Monday, July 30, 2012

Multidimensional Scaling and Company Similarity

Background and idea

Often we are looking at a particular sector, and want to get a quick overview of a group of companies relative to one another. I thought I might apply Multidimensional Scaling (MDS) to various financial ratios and see if it gave us anything useful.

The premise is that companies in similar industries should all have a degree of sameness, so MDS might be useful to highlight the companies that stand out from the crowd, perhaps in some literal sense ...


I mostly use the data functions from quantmod to retrieve the financial statements from Google Finance. As always with free data, the quality is variable, but good enough for our purpose today. We need to do a bit of dancing to get the market price at the time the results were released, and this uses data from Yahoo Finance. It was a little bit more work to implement, but worth it so we can include P/E in the comparison.

I looked at two groups of companies, tech stocks and financials/banks.

For the tech stocks I used ROE, EPS, P/E, Operating Margin, Current Ratio, Gearing, Asset Turnover and Debt Ratio.

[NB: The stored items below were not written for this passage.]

lemma rho_mult_filterlim_at_top:
  assumes reg: "regvar \<alpha> \<rho>" and "\<alpha> < 1"
    and mono: "Potter_monotone \<alpha> \<rho>"
  shows "filterlim (\<lambda>b. \<rho> b * b) at_top at_top"
proof -
  define \<eta> where "\<eta> = (1-\<alpha>)/2"
  have "0 < \<eta>" using \<open>\<alpha> < 1\<close> by (simp add: \<eta>_def)
  obtain x0 where "0 < x0"
    and Potter: "\<And>r s. x0 \<le> r \<Longrightarrow> r \<le> s \<Longrightarrow> \<rho> r * (r/s) powr (\<alpha>+\<eta>) \<le> \<rho> s"
    using Potter_bounds[OF mono \<open>0 < \<eta>\<close>] by metis
  define C where "C = \<rho> x0 * x0 powr (\<alpha>+\<eta>)"
  have "0 < C" using \<open>0 < x0\<close> regvar_pos_le_one[OF reg] by (simp add: C_def)
  have "filterlim (\<lambda>b. C * b powr \<eta>) at_top at_top"
    using \<open>0 < C\<close> \<open>0 < \<eta>\<close> by (intro filterlim_tendsto_pos_mult_at_top[OF tendsto_const] filterlim_powr_at_top)
  moreover have "eventually (\<lambda>b. C * b powr \<eta> \<le> \<rho> b * b) at_top"
    using eventually_ge_at_top[of x0]
  proof eventually_elim
    case (elim b)
    then have "0 < b" using \<open>0 < x0\<close> by simp
    have "C * b powr \<eta> = \<rho> x0 * (x0/b) powr (\<alpha>+\<eta>) * b"
      using \<open>0 < x0\<close> \<open>0 < b\<close> by (simp add: C_def \<eta>_def powr_divide field_simps flip: powr_add)
    also have "\<dots> \<le> \<rho> b * b"
      using Potter[OF order_refl elim] \<open>0 < b\<close> by (simp add: mult_right_mono)
    finally show ?case .
  qed
  ultimately show ?thesis by (rule filterlim_at_top_mono)
qed

definition Irho_quot :: "real \<Rightarrow> (real \<Rightarrow> real) \<Rightarrow> real \<Rightarrow> real \<Rightarrow> real" where
  "Irho_quot \<alpha> \<rho> a b = (Irho \<rho> b - Irho \<rho> a) / (Lrho \<alpha> \<rho> b * (b powr (1-\<alpha>) - a powr (1-\<alpha>)))"

lemma Lrho_mult_powr_diff:
  assumes "0 \<le> a" "0 < b"
  shows "Lrho \<alpha> \<rho> b * (b powr (1-\<alpha>) - a powr (1-\<alpha>)) = \<rho> b * b * (1 - (a/b) powr (1-\<alpha>))"
  using assms by (cases "a = 0") (auto simp: Lrho_def powr_divide field_simps simp flip: powr_add)

lemma Irho_quot_close_left:
  assumes reg: "regvar \<alpha> \<rho>" and "\<alpha> < 1"
    and mono: "Potter_monotone \<alpha> \<rho>"
    and "0 < \<epsilon>"
  obtains x0 where "0 < x0" "\<And>a b. x0 \<le> a \<Longrightarrow> a < b \<Longrightarrow> \<bar>Irho_quot \<alpha> \<rho> a b - 1/(1-\<alpha>)\<bar> \<le> \<epsilon>"
proof -
  obtain \<eta> where \<eta>: "0 < \<eta>" "\<eta> < 1-\<alpha>" "1/(1-\<alpha>-\<eta>) \<le> 1/(1-\<alpha>) + \<epsilon>" "1/(1-\<alpha>) - \<epsilon> \<le> 1/(1-\<alpha>+\<eta>)"
    using exists_inverse_perturbation[of "1-\<alpha>" \<epsilon>] \<open>\<alpha> < 1\<close> \<open>0 < \<epsilon>\<close> by auto
  obtain x0 where "0 < x0"
    and Potter: "\<And>r s. x0 \<le> s \<Longrightarrow> s \<le> r \<Longrightarrow> \<rho> r * (r/s) powr (\<alpha>-\<eta>) \<le> \<rho> s \<and> \<rho> s \<le> \<rho> r * (r/s) powr (\<alpha>+\<eta>)"
    using Potter_bounds[OF mono \<open>0 < \<eta>\<close>] by metis
  show thesis
  proof (rule that[OF \<open>0 < x0\<close>])
    fix a b assume "x0 \<le> a" "a < b"
    then have "0 < a" "0 < \<rho> b" using \<open>0 < x0\<close> regvar_pos_le_one[OF reg] by auto
    have "0 < b" using \<open>0 < a\<close> \<open>a < b\<close> by simp
    have "(a/b) powr (1-\<alpha>) < 1 powr (1-\<alpha>)"
      using \<open>0 < a\<close> \<open>a < b\<close> \<open>\<alpha> < 1\<close> by (intro powr_less_mono2) auto
    then have D: "0 < \<rho> b * b * (1 - (a/b) powr (1-\<alpha>))"
      using \<open>0 < \<rho> b\<close> \<open>0 < b\<close> by simp
    have integral: "(\<rho> has_integral (Irho \<rho> b - Irho \<rho> a)) {a..b}"
      using Irho_has_integral[OF reg] \<open>0 < a\<close> \<open>a < b\<close> by simp
    have Potter_ab: "\<rho> b * (b/s) powr (\<alpha>-\<eta>) \<le> \<rho> s \<and> \<rho> s \<le> \<rho> b * (b/s) powr (\<alpha>+\<eta>)"
      if "s \<in> {a..b}" for s
      using that \<open>x0 \<le> a\<close> by (intro Potter) auto
    note bounds = Potter_integral_bounds_left
        [OF \<eta>(1,2) \<open>0 < a\<close> \<open>a < b\<close> less_imp_le[OF \<open>0 < \<rho> b\<close>] integral Potter_ab]
    have "\<bar>(Irho \<rho> b - Irho \<rho> a) / (\<rho> b * b * (1 - (a/b) powr (1-\<alpha>))) - 1/(1-\<alpha>)\<bar> \<le> \<epsilon>"
      by (rule abs_divide_sub_le[OF D _ _ bounds]) (use \<eta> in auto)
    then show "\<bar>Irho_quot \<alpha> \<rho> a b - 1/(1-\<alpha>)\<bar> \<le> \<epsilon>"
      using Lrho_mult_powr_diff[of a b] \<open>0 < a\<close> \<open>0 < b\<close> by (simp add: Irho_quot_def)
  qed
qed

lemma Irho_quot_close_right:
  assumes reg: "regvar \<alpha> \<rho>" and "1 < \<alpha>"
    and mono: "Potter_monotone \<alpha> \<rho>"
    and "0 < \<epsilon>"
  obtains x0 where "0 < x0"
    "\<And>a b. x0 \<le> b \<Longrightarrow> b < a \<Longrightarrow>
       \<bar>(Irho \<rho> a - Irho \<rho> b) / (Lrho \<alpha> \<rho> b * (b powr (1-\<alpha>) - a powr (1-\<alpha>))) - 1/(\<alpha>-1)\<bar> \<le> \<epsilon>"
proof -
  obtain \<eta> where \<eta>: "0 < \<eta>" "\<eta> < \<alpha>-1" "1/(\<alpha>-1-\<eta>) \<le> 1/(\<alpha>-1) + \<epsilon>" "1/(\<alpha>-1) - \<epsilon> \<le> 1/(\<alpha>-1+\<eta>)"
    using exists_inverse_perturbation[of "\<alpha>-1" \<epsilon>] \<open>1 < \<alpha>\<close> \<open>0 < \<epsilon>\<close> by auto
  obtain x0 where "0 < x0"
    and Potter: "\<And>r s. x0 \<le> r \<Longrightarrow> r \<le> s \<Longrightarrow> \<rho> r * (r/s) powr (\<alpha>+\<eta>) \<le> \<rho> s \<and> \<rho> s \<le> \<rho> r * (r/s) powr (\<alpha>-\<eta>)"
    using Potter_bounds[OF mono \<open>0 < \<eta>\<close>] by metis
  show thesis
  proof (rule that[OF \<open>0 < x0\<close>])
    fix a b assume "x0 \<le> b" "b < a"
    then have "0 < b" "0 < \<rho> b" using \<open>0 < x0\<close> regvar_pos_le_one[OF reg] by auto
    have "(a/b) powr (1-\<alpha>) < (a/b) powr 0"
      using \<open>0 < b\<close> \<open>b < a\<close> \<open>1 < \<alpha>\<close> by (intro powr_less_mono) auto
    then have D: "0 < \<rho> b * b * (1 - (a/b) powr (1-\<alpha>))"
      using \<open>0 < \<rho> b\<close> \<open>0 < b\<close> \<open>b < a\<close> by simp
    have integral: "(\<rho> has_integral (Irho \<rho> a - Irho \<rho> b)) {b..a}"
      using Irho_has_integral[OF reg] \<open>0 < b\<close> \<open>b < a\<close> by simp
    have Potter_ba: "\<rho> b * (b/s) powr (\<alpha>+\<eta>) \<le> \<rho> s \<and> \<rho> s \<le> \<rho> b * (b/s) powr (\<alpha>-\<eta>)"
      if "s \<in> {b..a}" for s
      using that \<open>x0 \<le> b\<close> by (intro Potter) auto
    note bounds = Potter_integral_bounds_right
        [OF \<eta>(1,2) \<open>0 < b\<close> \<open>b < a\<close> less_imp_le[OF \<open>0 < \<rho> b\<close>] integral Potter_ba]
    have "\<bar>(Irho \<rho> a - Irho \<rho> b) / (\<rho> b * b * (1 - (a/b) powr (1-\<alpha>))) - 1/(\<alpha>-1)\<bar> \<le> \<epsilon>"
      by (rule abs_divide_sub_le[OF D _ _ bounds]) (use \<eta> in auto)
    then show "\<bar>(Irho \<rho> a - Irho \<rho> b) / (Lrho \<alpha> \<rho> b * (b powr (1-\<alpha>) - a powr (1-\<alpha>))) - 1/(\<alpha>-1)\<bar> \<le> \<epsilon>"
      using Lrho_mult_powr_diff[of a b] \<open>0 < b\<close> \<open>b < a\<close> by simp
  qed
qed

For the financials, I used ROE, EPS, P/E, Gearing and Debt Ratio, mainly because the data available did not have the line items required to calculate the other ratios. 

The data from Google gives the last four periods, with the most recent coming first. It also gives Annual and Quarterly data and the charts below use the annual results. Annual Period 1 means the most recent results. Due to the scaling function, the actual scales on the graphs are not particularly meaningful, so I took them out. 


These are the charts for the most recent results (so end of year 2011). Overall, I am quite pleased with the results. We can see how most of the companies cluster together, while a few seem to be quite different. This shows at a glance the companies that might be worthy of further investigation. 

Tech Stocks



Code is up here MDS Company Similarity with R, it should hopefully be documented enough for others to mess around with. Any questions, comments or suggestions are very much appreciated as always.

As an aside, this is the first R program I wrote devoid of any for loops. I finally feel I am coming to grips with the language.


  1. In case it is of value: I receive this error (and I apologize, but I have not done any debugging ...)

    sapply(symbols, get_prices, env=finEnv)
    Error in as.Date.default(end_dates) :
    do not know how to convert 'end_dates' to class "Date"

    My Windows 7 install running in RStudio 0.96.304

    R version 2.15.1 (2012-06-22) -- "Roasted Marshmallows"
    Copyright (C) 2012 The R Foundation for Statistical Computing
    ISBN 3-900051-07-0
    Platform: x86_64-pc-mingw32/x64 (64-bit)

    1. Hey thanks, I am not sure what is happening there, it is working for me on OS X with R 2.15.0

      This should reproduce the error (but it works for me)



      dates <- as.Date(colnames(AAPL.f[[1]][[2]]))
      didx <- index(AAPL)
      end_dates <- sapply(1:length(dates), function(x) last(didx[didx< dates[x]]))
      #[1] 15240 14876 14512 14148
      as.Date(end_dates) #error here
      #[1] "2011-09-23" "2010-09-24" "2009-09-25" "2008-09-26"
      #[1] "numeric"

      if it does give you an error, could you try and see if running this does any better:


      it comes from the zoo library which should be attached when quantmod loads.

      It will be a few days till I can get access to a windows machine, I will take another look then.

      Alternately you can skip using the compares on the P/E ratio, if you comment out the following lines

      1: the c(share_price, IS) on line 71 (also delete the comma on the line above it)
      2: the pe ratio entry on line 83
      3: the sapply line that generates the error on line 123

      P/E is pretty important though, so it's likely the chart plots will be quite different. Let me know how it goes

  2. So I took a look and could reproduce it, turns out yahoo does not have RBS data going back to 2008. I should probably handle that better in the code, I'll take a look at it over the weekend. Thanks for letting me know!

  3. Very interesting experiment! Would be more interesting if the dataset contains more companies, say 1000.